Dataset entries:
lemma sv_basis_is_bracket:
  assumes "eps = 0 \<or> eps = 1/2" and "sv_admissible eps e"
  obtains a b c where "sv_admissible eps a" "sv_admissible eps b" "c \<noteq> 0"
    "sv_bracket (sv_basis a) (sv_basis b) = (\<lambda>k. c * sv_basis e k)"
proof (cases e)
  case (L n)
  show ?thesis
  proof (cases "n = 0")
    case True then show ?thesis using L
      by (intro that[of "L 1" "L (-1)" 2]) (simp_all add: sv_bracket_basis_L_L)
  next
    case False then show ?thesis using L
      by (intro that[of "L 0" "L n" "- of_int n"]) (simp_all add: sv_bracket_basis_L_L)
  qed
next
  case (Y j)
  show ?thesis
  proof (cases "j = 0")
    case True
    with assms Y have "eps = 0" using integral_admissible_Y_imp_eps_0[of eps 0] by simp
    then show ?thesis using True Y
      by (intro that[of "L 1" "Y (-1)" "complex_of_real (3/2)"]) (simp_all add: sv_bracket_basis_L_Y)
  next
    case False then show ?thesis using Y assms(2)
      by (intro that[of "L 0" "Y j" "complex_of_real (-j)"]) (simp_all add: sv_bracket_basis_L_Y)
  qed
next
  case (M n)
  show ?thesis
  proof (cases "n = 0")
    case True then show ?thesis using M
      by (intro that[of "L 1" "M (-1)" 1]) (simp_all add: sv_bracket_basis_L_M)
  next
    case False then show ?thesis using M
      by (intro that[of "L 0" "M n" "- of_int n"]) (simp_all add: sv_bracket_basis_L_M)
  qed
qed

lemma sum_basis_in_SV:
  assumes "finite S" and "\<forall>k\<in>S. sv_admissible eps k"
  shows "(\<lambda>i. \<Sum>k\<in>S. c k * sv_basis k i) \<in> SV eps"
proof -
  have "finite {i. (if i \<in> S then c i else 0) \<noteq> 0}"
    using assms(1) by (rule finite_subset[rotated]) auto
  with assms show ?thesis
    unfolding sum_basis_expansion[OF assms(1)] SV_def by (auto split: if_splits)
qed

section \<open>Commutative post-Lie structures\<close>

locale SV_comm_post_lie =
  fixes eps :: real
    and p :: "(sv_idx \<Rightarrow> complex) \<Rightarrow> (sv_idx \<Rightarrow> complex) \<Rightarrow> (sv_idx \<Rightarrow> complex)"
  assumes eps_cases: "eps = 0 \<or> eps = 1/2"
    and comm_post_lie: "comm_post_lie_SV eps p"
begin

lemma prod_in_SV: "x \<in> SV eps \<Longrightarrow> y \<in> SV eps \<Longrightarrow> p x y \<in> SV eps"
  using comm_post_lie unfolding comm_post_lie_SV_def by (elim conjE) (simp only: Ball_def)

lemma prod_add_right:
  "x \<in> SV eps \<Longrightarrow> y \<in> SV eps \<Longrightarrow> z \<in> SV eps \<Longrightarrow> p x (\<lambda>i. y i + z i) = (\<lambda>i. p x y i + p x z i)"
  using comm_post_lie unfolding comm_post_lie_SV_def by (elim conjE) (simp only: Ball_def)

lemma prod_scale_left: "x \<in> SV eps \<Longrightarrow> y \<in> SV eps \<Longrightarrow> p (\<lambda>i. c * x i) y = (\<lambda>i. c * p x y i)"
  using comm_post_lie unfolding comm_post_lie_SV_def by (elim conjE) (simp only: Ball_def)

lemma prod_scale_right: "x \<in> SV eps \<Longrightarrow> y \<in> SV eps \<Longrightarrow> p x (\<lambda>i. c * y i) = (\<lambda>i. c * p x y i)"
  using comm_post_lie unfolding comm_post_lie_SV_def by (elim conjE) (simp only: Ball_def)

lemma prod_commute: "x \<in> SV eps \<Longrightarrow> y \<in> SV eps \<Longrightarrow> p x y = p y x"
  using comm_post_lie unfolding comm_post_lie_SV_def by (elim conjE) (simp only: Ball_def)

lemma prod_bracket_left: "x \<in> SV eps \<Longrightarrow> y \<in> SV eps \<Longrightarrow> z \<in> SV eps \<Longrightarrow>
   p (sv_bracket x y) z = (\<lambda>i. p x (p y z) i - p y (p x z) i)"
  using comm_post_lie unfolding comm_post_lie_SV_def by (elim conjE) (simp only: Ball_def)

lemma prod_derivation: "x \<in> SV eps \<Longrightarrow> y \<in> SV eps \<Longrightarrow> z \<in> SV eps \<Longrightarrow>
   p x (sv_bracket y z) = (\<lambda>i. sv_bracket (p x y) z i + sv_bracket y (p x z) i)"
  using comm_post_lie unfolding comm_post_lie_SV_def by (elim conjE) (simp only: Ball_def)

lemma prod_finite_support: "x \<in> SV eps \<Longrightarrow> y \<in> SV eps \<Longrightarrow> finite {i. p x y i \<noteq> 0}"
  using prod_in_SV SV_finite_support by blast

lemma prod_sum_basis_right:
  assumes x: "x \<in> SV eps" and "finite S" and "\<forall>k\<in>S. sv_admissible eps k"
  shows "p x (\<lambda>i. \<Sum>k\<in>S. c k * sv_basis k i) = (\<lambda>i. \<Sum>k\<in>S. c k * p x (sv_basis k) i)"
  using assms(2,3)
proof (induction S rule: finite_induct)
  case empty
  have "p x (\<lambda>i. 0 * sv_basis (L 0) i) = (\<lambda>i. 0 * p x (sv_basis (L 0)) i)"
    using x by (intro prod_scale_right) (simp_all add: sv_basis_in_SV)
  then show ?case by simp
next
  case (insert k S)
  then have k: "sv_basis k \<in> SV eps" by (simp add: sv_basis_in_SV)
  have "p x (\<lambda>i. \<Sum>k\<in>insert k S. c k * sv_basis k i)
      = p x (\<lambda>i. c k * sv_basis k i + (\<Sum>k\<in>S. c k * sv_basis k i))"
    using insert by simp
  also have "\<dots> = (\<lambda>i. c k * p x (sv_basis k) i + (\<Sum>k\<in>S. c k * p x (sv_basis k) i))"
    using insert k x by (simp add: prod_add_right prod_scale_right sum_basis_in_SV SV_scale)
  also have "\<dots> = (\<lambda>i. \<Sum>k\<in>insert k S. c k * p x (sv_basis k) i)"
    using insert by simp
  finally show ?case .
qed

Assignment:
An exact retyping of every line in the records is needed.

Answer to this task:
lemma sv_basis_is_bracket:
  assumes "eps = 0 \<or> eps = 1/2" and "sv_admissible eps e"
  obtains a b c where "sv_admissible eps a" "sv_admissible eps b" "c \<noteq> 0"
    "sv_bracket (sv_basis a) (sv_basis b) = (\<lambda>k. c * sv_basis e k)"
proof (cases e)
  case (L n)
  show ?thesis
  proof (cases "n = 0")
    case True then show ?thesis using L
      by (intro that[of "L 1" "L (-1)" 2]) (simp_all add: sv_bracket_basis_L_L)
  next
    case False then show ?thesis using L
      by (intro that[of "L 0" "L n" "- of_int n"]) (simp_all add: sv_bracket_basis_L_L)
  qed
next
  case (Y j)
  show ?thesis
  proof (cases "j = 0")
    case True
    with assms Y have "eps = 0" using integral_admissible_Y_imp_eps_0[of eps 0] by simp
    then show ?thesis using True Y
      by (intro that[of "L 1" "Y (-1)" "complex_of_real (3/2)"]) (simp_all add: sv_bracket_basis_L_Y)
  next
    case False then show ?thesis using Y assms(2)
      by (intro that[of "L 0" "Y j" "complex_of_real (-j)"]) (simp_all add: sv_bracket_basis_L_Y)
  qed
next
  case (M n)
  show ?thesis
  proof (cases "n = 0")
    case True then show ?thesis using M
      by (intro that[of "L 1" "M (-1)" 1]) (simp_all add: sv_bracket_basis_L_M)
  next
    case False then show ?thesis using M
      by (intro that[of "L 0" "M n" "- of_int n"]) (simp_all add: sv_bracket_basis_L_M)
  qed
qed

lemma sum_basis_in_SV:
  assumes "finite S" and "\<forall>k\<in>S. sv_admissible eps k"
  shows "(\<lambda>i. \<Sum>k\<in>S. c k * sv_basis k i) \<in> SV eps"
proof -
  have "finite {i. (if i \<in> S then c i else 0) \<noteq> 0}"
    using assms(1) by (rule finite_subset[rotated]) auto
  with assms show ?thesis
    unfolding sum_basis_expansion[OF assms(1)] SV_def by (auto split: if_splits)
qed

section \<open>Commutative post-Lie structures\<close>

locale SV_comm_post_lie =
  fixes eps :: real
    and p :: "(sv_idx \<Rightarrow> complex) \<Rightarrow> (sv_idx \<Rightarrow> complex) \<Rightarrow> (sv_idx \<Rightarrow> complex)"
  assumes eps_cases: "eps = 0 \<or> eps = 1/2"
    and comm_post_lie: "comm_post_lie_SV eps p"
begin

lemma prod_in_SV: "x \<in> SV eps \<Longrightarrow> y \<in> SV eps \<Longrightarrow> p x y \<in> SV eps"
  using comm_post_lie unfolding comm_post_lie_SV_def by (elim conjE) (simp only: Ball_def)

lemma prod_add_right:
  "x \<in> SV eps \<Longrightarrow> y \<in> SV eps \<Longrightarrow> z \<in> SV eps \<Longrightarrow> p x (\<lambda>i. y i + z i) = (\<lambda>i. p x y i + p x z i)"
  using comm_post_lie unfolding comm_post_lie_SV_def by (elim conjE) (simp only: Ball_def)

lemma prod_scale_left: "x \<in> SV eps \<Longrightarrow> y \<in> SV eps \<Longrightarrow> p (\<lambda>i. c * x i) y = (\<lambda>i. c * p x y i)"
  using comm_post_lie unfolding comm_post_lie_SV_def by (elim conjE) (simp only: Ball_def)

lemma prod_scale_right: "x \<in> SV eps \<Longrightarrow> y \<in> SV eps \<Longrightarrow> p x (\<lambda>i. c * y i) = (\<lambda>i. c * p x y i)"
  using comm_post_lie unfolding comm_post_lie_SV_def by (elim conjE) (simp only: Ball_def)

lemma prod_commute: "x \<in> SV eps \<Longrightarrow> y \<in> SV eps \<Longrightarrow> p x y = p y x"
  using comm_post_lie unfolding comm_post_lie_SV_def by (elim conjE) (simp only: Ball_def)

lemma prod_bracket_left: "x \<in> SV eps \<Longrightarrow> y \<in> SV eps \<Longrightarrow> z \<in> SV eps \<Longrightarrow>
   p (sv_bracket x y) z = (\<lambda>i. p x (p y z) i - p y (p x z) i)"
  using comm_post_lie unfolding comm_post_lie_SV_def by (elim conjE) (simp only: Ball_def)

lemma prod_derivation: "x \<in> SV eps \<Longrightarrow> y \<in> SV eps \<Longrightarrow> z \<in> SV eps \<Longrightarrow>
   p x (sv_bracket y z) = (\<lambda>i. sv_bracket (p x y) z i + sv_bracket y (p x z) i)"
  using comm_post_lie unfolding comm_post_lie_SV_def by (elim conjE) (simp only: Ball_def)

lemma prod_finite_support: "x \<in> SV eps \<Longrightarrow> y \<in> SV eps \<Longrightarrow> finite {i. p x y i \<noteq> 0}"
  using prod_in_SV SV_finite_support by blast

lemma prod_sum_basis_right:
  assumes x: "x \<in> SV eps" and "finite S" and "\<forall>k\<in>S. sv_admissible eps k"
  shows "p x (\<lambda>i. \<Sum>k\<in>S. c k * sv_basis k i) = (\<lambda>i. \<Sum>k\<in>S. c k * p x (sv_basis k) i)"
  using assms(2,3)
proof (induction S rule: finite_induct)
  case empty
  have "p x (\<lambda>i. 0 * sv_basis (L 0) i) = (\<lambda>i. 0 * p x (sv_basis (L 0)) i)"
    using x by (intro prod_scale_right) (simp_all add: sv_basis_in_SV)
  then show ?case by simp
next
  case (insert k S)
  then have k: "sv_basis k \<in> SV eps" by (simp add: sv_basis_in_SV)
  have "p x (\<lambda>i. \<Sum>k\<in>insert k S. c k * sv_basis k i)
      = p x (\<lambda>i. c k * sv_basis k i + (\<Sum>k\<in>S. c k * sv_basis k i))"
    using insert by simp
  also have "\<dots> = (\<lambda>i. c k * p x (sv_basis k) i + (\<Sum>k\<in>S. c k * p x (sv_basis k) i))"
    using insert k x by (simp add: prod_add_right prod_scale_right sum_basis_in_SV SV_scale)
  also have "\<dots> = (\<lambda>i. \<Sum>k\<in>insert k S. c k * p x (sv_basis k) i)"
    using insert by simp
  finally show ?case .
qed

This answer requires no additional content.